So I turned 30 a few weeks ago. I feel as though I’m in a better place about it, ya know, mentally. I hadn’t worried about thirty until half way through 29 when my adoring husband jokingly called me a cougar one evening. As I was bandaging his wounds and apologizing the reality of being 30 really started to marinade. If life is like that bar on the bottom of your ITunes page when you synch up your phone then I’ve already got a colorful filling for the first third of my space (mostly with blurry pictures and country music from the 90’s). A third!! And I can’t upgrade for more memory or delete anything deemed unnecessary in hindsight (a few heinous relationships, haircuts and more than a few plates of nachos) to create more time. Conclusion: Impending death.
But, everyone has that at the end of their bar. I’m fairly certain that’s a battle none of us can win, so why worry about it? I say that about Johnny’s affinity for taking my toothbrush and hiding it in the toilet and I’m saying it about the rest of inevitability. Mentally I still feel around 26 or 27, which is either refreshing or a recipe for a tight leopard miniskirt, too many margaritas and memorable tumble in public. “I can’t be turning 30 yet, I haven’t done any of the stuff I wanted to do by the time I was 30!” I said to Red one night, waiting until his head hit the pillow of course. “Honey, what hasn’t you did? I smink you iz gooder now…zzzz”. The fact that I can’t fall asleep as fast as Red gives me time alone each evening to guffaw at the rabble in the news, roll my eyes when I lose at solitaire for the third straight time or sit wide eyed and slow breathing while replaying my life in a montage set to Bette Midler’s “From a Distance”. What I had uncovered by the time Bette’s refrain whispered off into silence was that my life made me giggle and smile…until around the time of my 20’s. ‘Screech’, tap the breaks people. I had an amazing ride from 20-29: I graduated from college, graduated from grad school, landed my dream job, met my soulmate then married him before he could say no, had his man child and got closer to Jesus than ever before. I’m not talking about the things I accomplished, I’m referring to that maturity learning curve that makes every life lesson feel like a kick in the balls. And I don’t have balls, so figure that one out. Think about all the emotional turmoil you went through in your twenties; think about all the searching for yourself and confusion about what you really wanted to do in life and disappointment you felt when God put you on a different path than you thought you wanted and how devastated you felt when you failed epically or totally embarrassed yourself….your face probably looks like you just smelled a fart, which is what my face looked like that night laying in bed.

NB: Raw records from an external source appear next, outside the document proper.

lemma support_imbalance_le_prediction_error:
  assumes RE: "\<forall>v. l2norm p v = 1 \<and> l0norm p v < 2 * s \<longrightarrow>
                 l2norm n (matvec p X v) / sqrt n \<ge> kappa"
    and "1 \<le> n" "0 < kappa" "0 \<le> q" "q \<le> pinf"
    and sparse: "l0norm p u \<le> s"
    and large: "\<forall>j\<in>{1..p}. u j \<noteq> 0 \<longrightarrow> 2 / kappa * sqrt pinf \<le> \<bar>u j\<bar>"
  shows "q * (card {j\<in>{1..p}. u j \<noteq> 0 \<and> v j = 0} - real (card {j\<in>{1..p}. u j = 0 \<and> v j \<noteq> 0}))
           \<le> (l2norm n (matvec p X (\<lambda>j. v j - u j)))\<^sup>2 / (4 * real n)"
proof -
  define Z where "Z = {j\<in>{1..p}. u j \<noteq> 0 \<and> v j = 0}"
  define N where "N = {j\<in>{1..p}. u j = 0 \<and> v j \<noteq> 0}"
  let ?delta = "\<lambda>j. v j - u j"
  show ?thesis
  proof (cases "card Z \<le> card N")
    case True
    then have "q * (card Z - real (card N)) \<le> 0"
      using \<open>0 \<le> q\<close> by (simp add: mult_nonneg_nonpos)
    moreover have "0 \<le> (l2norm n (matvec p X ?delta))\<^sup>2 / (4 * real n)"
      by simp
    ultimately show ?thesis
      unfolding Z_def N_def by linarith
  next
    case False
    have "card Z \<le> l0norm p u"
      unfolding l0norm_def Z_def by (intro card_mono) auto
    then have "l0norm p ?delta < 2 * s"
      using l0norm_diff_le[of p v u] False sparse by (simp add: N_def)
    have "(4 * real n) * (card Z * pinf) = n * kappa\<^sup>2 * (card Z * (2 / kappa * sqrt pinf)\<^sup>2)"
      using \<open>0 < kappa\<close> \<open>0 \<le> q\<close> \<open>q \<le> pinf\<close> by (simp add: power_mult_distrib power_divide)
    also have "\<dots> \<le> n * kappa\<^sup>2 * (l2norm p ?delta)\<^sup>2"
      using large \<open>0 < kappa\<close> \<open>0 \<le> q\<close> \<open>q \<le> pinf\<close>
      by (intro mult_left_mono card_mult_power2_le_l2norm_power2) (auto simp: Z_def)
    also have "\<dots> \<le> (l2norm n (matvec p X ?delta))\<^sup>2"
      using restricted_eigenvalue_bound[OF RE] \<open>0 < kappa\<close> \<open>l0norm p ?delta < 2 * s\<close> by simp
    finally have XZ: "(4 * real n) * (card Z * pinf) \<le> (l2norm n (matvec p X ?delta))\<^sup>2" .
    have "q * (card Z - real (card N)) \<le> q * card Z"
      using \<open>0 \<le> q\<close> by (intro mult_left_mono) auto
    also have "\<dots> \<le> card Z * pinf"
      using \<open>q \<le> pinf\<close> by (simp add: mult.commute mult_right_mono)
    also have "\<dots> = (4 * real n) * (card Z * pinf) / (4 * real n)"
      using \<open>1 \<le> n\<close> by simp
    also have "\<dots> \<le> (l2norm n (matvec p X ?delta))\<^sup>2 / (4 * real n)"
      using XZ by (intro divide_right_mono) auto
    finally show ?thesis unfolding Z_def N_def .
  qed
qed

And that brings me to the bright side of turning 30: You made it through your twenties! Wiser, content, prioritized and confident I emerged from my tour of duty in the 20’s knowing full well that if I can make it through that, I can make it through anything. And just to prove that point I made my way up to a casino in my skinny jeans to boogie the night away at an Alabama concert. Talk about a test, how easily could that scenario have jackknifed into a regretful 20’s episode! It was the greatest night ever, because I’m 30 now and I don’t get plowed and fall down the parking garage stairs anymore (just a for-instance). Nope, I was back in bed by midnight and up bright and early to eskimo kiss my sweet first born meatball. Special shout out to Big Red who woke me up with a love letter and another big shout out to Lil Sista who orchestrated the concert and hosted the greatest birthday breakfast in the history or birthday breakfasts!! Being 30 is kicking some serious tail, I’m almost excited enough to start looking forward to my 40’s…..ok that’s a bold face lie.